Saved entries
lemma Sig'_doubling:
  assumes X: "X \<ge> 0" and z: "z \<ge> 1" "z' \<ge> 1" "z' \<le> 2 * z"
  shows "Sig' gam U z X \<le> (2 * Csig) * Sig' gam U z' X"
proof -
  have "Sig' gam U z X \<le> Csig * sigma_rate gam z X" using Sig'_comparable[OF X z(1)] by simp
  also have "\<dots> \<le> Csig * (2 * sigma_rate gam z' X)"
    using sigma_rate_doubling[OF X z] Csig_ge_7 by (intro mult_left_mono) auto
  also have "\<dots> \<le> Csig * (2 * Sig' gam U z' X)"
    using Sig'_comparable[OF X z(2)] Csig_ge_7 by (intro mult_left_mono) auto
  finally show ?thesis by simp
qed

lemma ln_Sig'_doubling:
  assumes X: "X \<ge> 0" and z: "z \<ge> 1" "z' \<ge> 1" "z' \<le> 2 * z" "z \<le> 2 * z'"
  shows "\<bar>ln (Sig' gam U z X) - ln (Sig' gam U z' X)\<bar> \<le> ln (2 * Csig)"
proof -
  have pos: "Sig' gam U z X > 0" "Sig' gam U z' X > 0" using Sig'_pos[OF U gam X] z by auto
  have c: "2 * Csig > 0" using Csig_ge_7 by simp
  have "ln (Sig' gam U z X) \<le> ln ((2 * Csig) * Sig' gam U z' X)"
    "ln (Sig' gam U z' X) \<le> ln ((2 * Csig) * Sig' gam U z X)"
    using Sig'_doubling[OF X z(1,2,3)] Sig'_doubling[OF X z(2,1,4)] pos c by simp_all
  then show ?thesis using pos c by (simp add: ln_mult abs_le_iff)
qed

lemma Sig'_velocity_ratio:
  assumes Xv: "Xv \<ge> 0" and Xw: "Xw \<ge> 0" and l: "l \<ge> 1"
  shows "Sig' gam U l Xv \<le> (Csig * (1 + Xw) powr (1 - gam)) * Sig' gam U l Xw"
proof -
  define P R where "P = l powr (sigma_exp gam - 1)" and "R = (1 + Xw) powr (gam - 1)"
  have P: "0 < P" "P \<le> 1" unfolding P_def using sigma_exp_bounds[OF gam] powr_le_1_if_nonpos[OF l] l by auto
  have R: "0 < R" "R \<le> 1" unfolding R_def using gam powr_le_1_if_nonpos[of "1 + Xw" "gam - 1"] Xw by auto
  have inv: "(1 + Xw) powr (1 - gam) * R = 1" unfolding R_def using Xw by (simp flip: powr_add)
  have "Sig' gam U l Xv \<le> Csig * sigma_rate gam l Xv" using Sig'_comparable[OF Xv l] by simp
  also have "\<dots> \<le> Csig * P" unfolding sigma_rate_def P_def using Csig_ge_7 by (intro mult_left_mono) auto
  also have "P = (1 + Xw) powr (1 - gam) * (P * R)" using inv by (simp add: algebra_simps)
  also have "P * R \<le> sigma_rate gam l Xw"
    using P R mult_left_le[of R P] mult_left_le_one_le[of R P]
    unfolding sigma_rate_def P_def[symmetric] R_def[symmetric] by simp
  also have "\<dots> \<le> Sig' gam U l Xw" using Sig'_comparable[OF Xw l] by simp
  finally show ?thesis using Csig_ge_7 Xw by (simp add: algebra_simps mult_left_mono)
qed

lemma ln_Sig'_velocity:
  assumes Xv: "Xv \<ge> 0" and Xw: "Xw \<ge> 0" and l: "l \<ge> 1"
  shows "\<bar>ln (Sig' gam U l Xv) - ln (Sig' gam U l Xw)\<bar> \<le> ln Csig + 4 * (Xv + Xw)"
proof -
  have pos: "Sig' gam U l X > 0" if "X \<ge> 0" for X using Sig'_pos[OF U gam that l] .
  have c: "Csig > 0" using Csig_ge_7 by simp
  have step: "ln (Sig' gam U l X) - ln (Sig' gam U l Y) \<le> ln Csig + 4 * Y" if "X \<ge> 0" "Y \<ge> 0" for X Y
  proof -
    have "ln ((1 + Y) powr (1 - gam)) = (1 - gam) * ln (1 + Y)" using that by (simp add: ln_powr)
    also have "\<dots> \<le> 4 * Y"
      using gam that ln_add_one_self_le_self[OF that(2)] by (intro mult_mono) auto
    finally have "ln ((1 + Y) powr (1 - gam)) \<le> 4 * Y" .
    moreover have "ln (Sig' gam U l X) \<le> ln ((Csig * (1 + Y) powr (1 - gam)) * Sig' gam U l Y)"
      using Sig'_velocity_ratio[OF that l] pos that c by simp
    moreover have "ln ((Csig * (1 + Y) powr (1 - gam)) * Sig' gam U l Y)
        = ln Csig + ln ((1 + Y) powr (1 - gam)) + ln (Sig' gam U l Y)"
      using pos[OF that(2)] that c by (simp add: ln_mult)
    ultimately show ?thesis by linarith
  qed
  show ?thesis using step[OF Xv Xw] step[OF Xw Xv] Xv Xw by (simp add: abs_le_iff)
qed

lemma Sig_lipschitz:
  assumes X: "X \<ge> 0" and z: "1 \<le> z" "z \<le> z'"
  shows "\<bar>Sig gam U z' X - Sig gam U z X\<bar> \<le> Csig * (z' - z)"
proof (cases "z = z'")
  case False
  then have "z < z'" using z by simp
  moreover have "\<And>y. z \<le> y \<Longrightarrow> y \<le> z' \<Longrightarrow> ((\<lambda>z. Sig gam U z X) has_real_derivative Sig' gam U y X) (at y)"
    using has_real_derivative_sigma_profile[OF U] X z by auto
  ultimately obtain y where y: "z < y" "y < z'" "Sig gam U z' X - Sig gam U z X = (z' - z) * Sig' gam U y X"
    using MVT2 by blast
  have "0 < Sig' gam U y X" "Sig' gam U y X \<le> Csig"
    using Sig'_pos[OF U gam X] Sig'_le_Csig[OF X] y z by auto
  then show ?thesis using y z by (simp add: abs_mult mult_right_mono mult.commute)
qed simp

lemma Sig_nonneg:
  assumes X: "X \<ge> 0" and z: "z \<ge> 0"
  shows "Sig gam U z X \<ge> 0"
proof -
  have a: "(1 + X) powr (3 - gam) > 0" "(1 + X) powr (1 - gam) > 0" using X by auto
  then have "0 \<le> U (z / (1 + X) powr (3 - gam))" "U (z / (1 + X) powr (3 - gam)) \<le> 1"
    using cutoff_range[OF U, of "z / (1 + X) powr (3 - gam)"] z by auto
  then show ?thesis unfolding sigma_profile_def using a z by simp
qed

lemma Sig_le:
  assumes X: "X \<ge> 0" and l: "l \<ge> 1"
  shows "Sig gam U l X \<le> 6 * l + 3 * X^2"
proof -
  define u where "u = U (l / (1 + X) powr (3 - gam))"
  have a: "(1 + X) powr (3 - gam) > 0" "(1 + X) powr (1 - gam) \<ge> 1"
    using X gam by (auto intro: ge_one_powr_ge_zero)
  have u: "0 \<le> u" "u \<le> 1" using cutoff_range[OF U] a l u_def by auto
  have "l powr (sigma_exp gam) \<le> l" using sigma_exp_bounds[OF gam] l powr_mono[of "sigma_exp gam" 1 l] by simp
  moreover have "l / (1 + X) powr (1 - gam) \<le> l" using a l by (simp add: divide_le_eq mult_le_cancel_left1)
  ultimately have "Sig gam U l X \<le> 5 * l * (1 - u) + (l + 3 * X^2) * u"
    unfolding sigma_profile_def u_def[symmetric] using u by (intro add_mono mult_right_mono) auto
  also have "\<dots> = 5 * l - 4 * (l * u) + 3 * (X^2 * u)" by (simp add: algebra_simps)
  also have "\<dots> \<le> 6 * l + 3 * X^2"
  proof -
    have "X^2 * u \<le> X^2" "0 \<le> l * u" using u l by (simp_all add: mult_left_le)
    then show ?thesis using l by linarith
  qed
  finally show ?thesis .
qed

end

section \<open>Transport along characteristics\<close>

locale transport = sigma_weight +
  fixes m rho T :: real and ub :: "real^3"
  assumes rho: "rho > 0" and T: "T > 0" and ub3: "ub $ 3 = 0"
begin

abbreviation nu where "nu \<equiv> nuf gam rho T ub"

definition Ckappa :: real where "Ckappa = \<bar>m\<bar> * ln (2 * Csig) + 2"

lemma nu_pos: "nu v > 0"
  using nuf_pos[OF gam rho T] .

* Exercise aim *
Print only the lines from the top of the data above down to the line holding "define P R where", inclusive.

* Answer space *
lemma Sig'_doubling:
  assumes X: "X \<ge> 0" and z: "z \<ge> 1" "z' \<ge> 1" "z' \<le> 2 * z"
  shows "Sig' gam U z X \<le> (2 * Csig) * Sig' gam U z' X"
proof -
  have "Sig' gam U z X \<le> Csig * sigma_rate gam z X" using Sig'_comparable[OF X z(1)] by simp
  also have "\<dots> \<le> Csig * (2 * sigma_rate gam z' X)"
    using sigma_rate_doubling[OF X z] Csig_ge_7 by (intro mult_left_mono) auto
  also have "\<dots> \<le> Csig * (2 * Sig' gam U z' X)"
    using Sig'_comparable[OF X z(2)] Csig_ge_7 by (intro mult_left_mono) auto
  finally show ?thesis by simp
qed

lemma ln_Sig'_doubling:
  assumes X: "X \<ge> 0" and z: "z \<ge> 1" "z' \<ge> 1" "z' \<le> 2 * z" "z \<le> 2 * z'"
  shows "\<bar>ln (Sig' gam U z X) - ln (Sig' gam U z' X)\<bar> \<le> ln (2 * Csig)"
proof -
  have pos: "Sig' gam U z X > 0" "Sig' gam U z' X > 0" using Sig'_pos[OF U gam X] z by auto
  have c: "2 * Csig > 0" using Csig_ge_7 by simp
  have "ln (Sig' gam U z X) \<le> ln ((2 * Csig) * Sig' gam U z' X)"
    "ln (Sig' gam U z' X) \<le> ln ((2 * Csig) * Sig' gam U z X)"
    using Sig'_doubling[OF X z(1,2,3)] Sig'_doubling[OF X z(2,1,4)] pos c by simp_all
  then show ?thesis using pos c by (simp add: ln_mult abs_le_iff)
qed

lemma Sig'_velocity_ratio:
  assumes Xv: "Xv \<ge> 0" and Xw: "Xw \<ge> 0" and l: "l \<ge> 1"
  shows "Sig' gam U l Xv \<le> (Csig * (1 + Xw) powr (1 - gam)) * Sig' gam U l Xw"
proof -
  define P R where "P = l powr (sigma_exp gam - 1)" and "R = (1 + Xw) powr (gam - 1)"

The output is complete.